Purpose. The aim of the paper is to study the polar low on January 18-20, 2017 using the sensitivity numerical experiments. The experiments were performed to analyse direct effect of the surface energy fluxes and condensational heating on the cyclone structure and intensity.
Methods and Results. The Polar WRF model was used for the cyclone simulations. In order to study the cyclone direct response to the changes in the model, all the experiments started only after the polar low had reached its mature stage at 00:00 on January, 20. Five numerical experiments were performed, in which the following parameters were turned off: 1) sensible heat flux only, 2) latent heat flux only, 3) both surface energy fluxes, 4) phase change heat transfer in the atmosphere and 5) phase change heat transfer in the atmosphere as well as surface energy fluxes. The cyclone intensity was defined by the minimum sea level pressure in its center.

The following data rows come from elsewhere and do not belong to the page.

(* With k1 = c constant, T'' ... T^(5) are computed in the Frenet frame in terms of k2 and
   its first three derivatives.  The curvature terms of tau_3 have no T-component, so
   <tau_3, T> = 5 c^2 k2 k2'; hence k2' = 0 and k2 is constant on the connected set I.  For
   constant k2, <tau_3, N> = 0 and <tau_3, B> = 0 are c times the two stated equations. *)

definition fK_A :: "real \<Rightarrow> real \<Rightarrow> real \<Rightarrow> real" where
  "fK_A r f fp = r/2 + 2 * (f^2 + fp)"

definition fK_Lambda :: "real \<Rightarrow> real \<Rightarrow> real \<Rightarrow> real" where
  "fK_Lambda r f fp = r/2 + 3 * (f^2 + fp)"

lemma inner_fK_curv:
  "fK_curv r f fp xi X Y Z \<bullet> W =
     fK_A r f fp * ((Y \<bullet> Z) * (X \<bullet> W) - (X \<bullet> Z) * (Y \<bullet> W))
   - fK_Lambda r f fp *
       ((Y \<bullet> Z) * (X \<bullet> xi) * (xi \<bullet> W) - (X \<bullet> Z) * (Y \<bullet> xi) * (xi \<bullet> W)
        - (X \<bullet> xi) * (Z \<bullet> xi) * (Y \<bullet> W) + (Y \<bullet> xi) * (Z \<bullet> xi) * (X \<bullet> W))"
  unfolding fK_curv_def fK_A_def fK_Lambda_def
  by (simp add: inner_diff_left inner_add_left algebra_simps)

lemma vector_derivative_eq_on_open:
  assumes "open I" "s \<in> I" "\<forall>x\<in>I. F x = G x" "(G has_vector_derivative G') (at s)"
  shows "vector_derivative F (at s) = G'"
proof -
  have "(F has_vector_derivative G') (at s)"
    by (rule has_vector_derivative_transform_within_open[OF assms(4,1,2)]) (use assms(3) in auto)
  then show ?thesis
    by (rule vector_derivative_at)
qed

lemma iter_vd_Suc_eq_0_if_const_on_open:
  assumes "open I" "\<forall>x\<in>I. F x = C"
  shows "\<forall>x\<in>I. iter_vd (Suc n) F x = 0"
proof (induction n)
  case 0
  show ?case
    using vector_derivative_eq_on_open[OF assms(1) _ assms(2) has_vector_derivative_const] by simp
next
  case (Suc n)
  show ?case
    using vector_derivative_eq_on_open[OF assms(1) _ Suc has_vector_derivative_const] by simp
qed

lemma smooth_along_has_real_derivative:
  assumes "smooth_along I k" "s \<in> I"
  shows "(iter_vd n k has_real_derivative iter_vd (Suc n) k s) (at s)"
  using assms unfolding smooth_along_def has_real_derivative_iff_has_vector_derivative by blast

(* Stated for m = Suc n so that it also applies to numerals such as iter_vd 3. *)
lemma iter_vd_Suc_in_frenet_frame:
  assumes fc: "frenet_curve I T N B k1 k2" and "open I" and s: "s \<in> I"
    and frame: "\<forall>x\<in>I. iter_vd n T x = a x *\<^sub>R T x + b x *\<^sub>R N x + d x *\<^sub>R B x"
    and "(a has_real_derivative a') (at s)" "(b has_real_derivative b') (at s)"
      "(d has_real_derivative d') (at s)"
    and "m = Suc n"
    and "a1 = a' - k1 s * b s" "b1 = k1 s * a s + b' - k2 s * d s" "d1 = k2 s * b s + d'"
  shows "iter_vd m T s = a1 *\<^sub>R T s + b1 *\<^sub>R N s + d1 *\<^sub>R B s"
proof -
  have frenet: "(T has_vector_derivative (k1 s *\<^sub>R N s)) (at s)"
    "(N has_vector_derivative (- k1 s *\<^sub>R T s + k2 s *\<^sub>R B s)) (at s)"
    "(B has_vector_derivative (- k2 s *\<^sub>R N s)) (at s)"
    using fc s unfolding frenet_curve_def by auto
  have "((\<lambda>x. a x *\<^sub>R T x + b x *\<^sub>R N x + d x *\<^sub>R B x) has_vector_derivative
      a s *\<^sub>R (k1 s *\<^sub>R N s) + a' *\<^sub>R T s
      + (b s *\<^sub>R (- k1 s *\<^sub>R T s + k2 s *\<^sub>R B s) + b' *\<^sub>R N s)
      + (d s *\<^sub>R (- k2 s *\<^sub>R N s) + d' *\<^sub>R B s)) (at s)"
    (is "(_ has_vector_derivative ?D) _")
    using assms(5-7) frenet by (intro has_vector_derivative_add has_vector_derivative_scaleR)
  moreover have "?D = a1 *\<^sub>R T s + b1 *\<^sub>R N s + d1 *\<^sub>R B s"
    unfolding assms(9-11) by (simp add: algebra_simps)
  ultimately show ?thesis
    using vector_derivative_eq_on_open[OF \<open>open I\<close> s frame] \<open>m = Suc n\<close> by simp
qed

lemma iter_vd_tangent_const_curvature:
  assumes fc: "frenet_curve I T N B k1 k2" and op: "open I" and k1: "\<forall>x\<in>I. k1 x = c"
    and sm: "smooth_along I k2"
  defines "D1 \<equiv> iter_vd 1 k2" and "D2 \<equiv> iter_vd 2 k2" and "D3 \<equiv> iter_vd 3 k2"
  shows "\<forall>x\<in>I. iter_vd 1 T x = 0 *\<^sub>R T x + c *\<^sub>R N x + 0 *\<^sub>R B x"
    and "\<forall>x\<in>I. iter_vd 2 T x = (- (c^2)) *\<^sub>R T x + 0 *\<^sub>R N x + (c * k2 x) *\<^sub>R B x"
    and "\<forall>x\<in>I. iter_vd 3 T x = 0 *\<^sub>R T x + (- (c^3) - c * k2 x ^ 2) *\<^sub>R N x + (c * D1 x) *\<^sub>R B x"
    and "\<forall>x\<in>I. iter_vd 4 T x = (c^4 + c^2 * k2 x ^ 2) *\<^sub>R T x + (-3 * c * k2 x * D1 x) *\<^sub>R N x
      + (- (c^3) * k2 x - c * k2 x ^ 3 + c * D2 x) *\<^sub>R B x"
    and "\<forall>x\<in>I. iter_vd 5 T x = (5 * c^2 * k2 x * D1 x) *\<^sub>R T x
      + (c^5 + 2 * c^3 * k2 x ^ 2 + c * k2 x ^ 4 - 3 * c * D1 x ^ 2 - 4 * c * k2 x * D2 x) *\<^sub>R N x
      + (c * D3 x - c * D1 x * (c^2 + 6 * k2 x ^ 2)) *\<^sub>R B x"
proof -
  have dk: "(k2 has_real_derivative D1 x) (at x)"
    and dD1: "(D1 has_real_derivative D2 x) (at x)"
    and dD2: "(D2 has_real_derivative D3 x) (at x)" if "x \<in> I" for x
    using smooth_along_has_real_derivative[OF sm that, of 0]
      smooth_along_has_real_derivative[OF sm that, of 1]
      smooth_along_has_real_derivative[OF sm that, of 2]
    unfolding D1_def D2_def D3_def by (simp_all add: numeral_eq_Suc)
  show it1: "\<forall>x\<in>I. iter_vd 1 T x = 0 *\<^sub>R T x + c *\<^sub>R N x + 0 *\<^sub>R B x"
    using fc k1 vector_derivative_at unfolding frenet_curve_def by fastforce
  show it2: "\<forall>x\<in>I. iter_vd 2 T x = (- (c^2)) *\<^sub>R T x + 0 *\<^sub>R N x + (c * k2 x) *\<^sub>R B x"
    using k1 by (intro ballI iter_vd_Suc_in_frenet_frame[OF fc op _ it1])
      (auto intro!: derivative_eq_intros simp: power2_eq_square)
  show it3: "\<forall>x\<in>I. iter_vd 3 T x = 0 *\<^sub>R T x + (- (c^3) - c * k2 x ^ 2) *\<^sub>R N x + (c * D1 x) *\<^sub>R B x"
    using k1 by (intro ballI iter_vd_Suc_in_frenet_frame[OF fc op _ it2])
      (auto intro!: derivative_eq_intros dk simp: power2_eq_square power3_eq_cube)
  show it4: "\<forall>x\<in>I. iter_vd 4 T x = (c^4 + c^2 * k2 x ^ 2) *\<^sub>R T x + (-3 * c * k2 x * D1 x) *\<^sub>R N x
      + (- (c^3) * k2 x - c * k2 x ^ 3 + c * D2 x) *\<^sub>R B x"
    using k1 by (intro ballI iter_vd_Suc_in_frenet_frame[OF fc op _ it3])
      (auto intro!: derivative_eq_intros dk dD1
        simp: algebra_simps power2_eq_square power3_eq_cube numeral_eq_Suc)
  show "\<forall>x\<in>I. iter_vd 5 T x = (5 * c^2 * k2 x * D1 x) *\<^sub>R T x
      + (c^5 + 2 * c^3 * k2 x ^ 2 + c * k2 x ^ 4 - 3 * c * D1 x ^ 2 - 4 * c * k2 x * D2 x) *\<^sub>R N x
      + (c * D3 x - c * D1 x * (c^2 + 6 * k2 x ^ 2)) *\<^sub>R B x"
    using k1 by (intro ballI iter_vd_Suc_in_frenet_frame[OF fc op _ it4])
      (auto intro!: derivative_eq_intros dk dD1 dD2
        simp: algebra_simps power2_eq_square power3_eq_cube numeral_eq_Suc)
qed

Conclusions. It is shown that in all the numerical experiments, the cyclone intensity as well as its maximum wind speed at the model lowest level decreased. In experiments 1 and 2, the intensity decrease was nearly the same, i.e. at the mature stage, the sensible and latent heat fluxes were equally important for the cyclone intensity. In experiments 1, 3 and 5 (with the sensible heat flux turned off), the atmosphere static stability increased significantly due to considerable decrease of the air temperature at the model lowest level. In experiment 4, the planetary boundary layer became more unstable since evaporative cooling was turned off in the model. In experiments 1, 3 and 5, integral kinetic energy of the cyclone increased despite the fact that its intensity and maximum surface wind speed decreased. It is shown that such a response of the cyclone was, most probably, caused by decrease of the energy dissipation in the surface layer due to the increased atmospheric stability.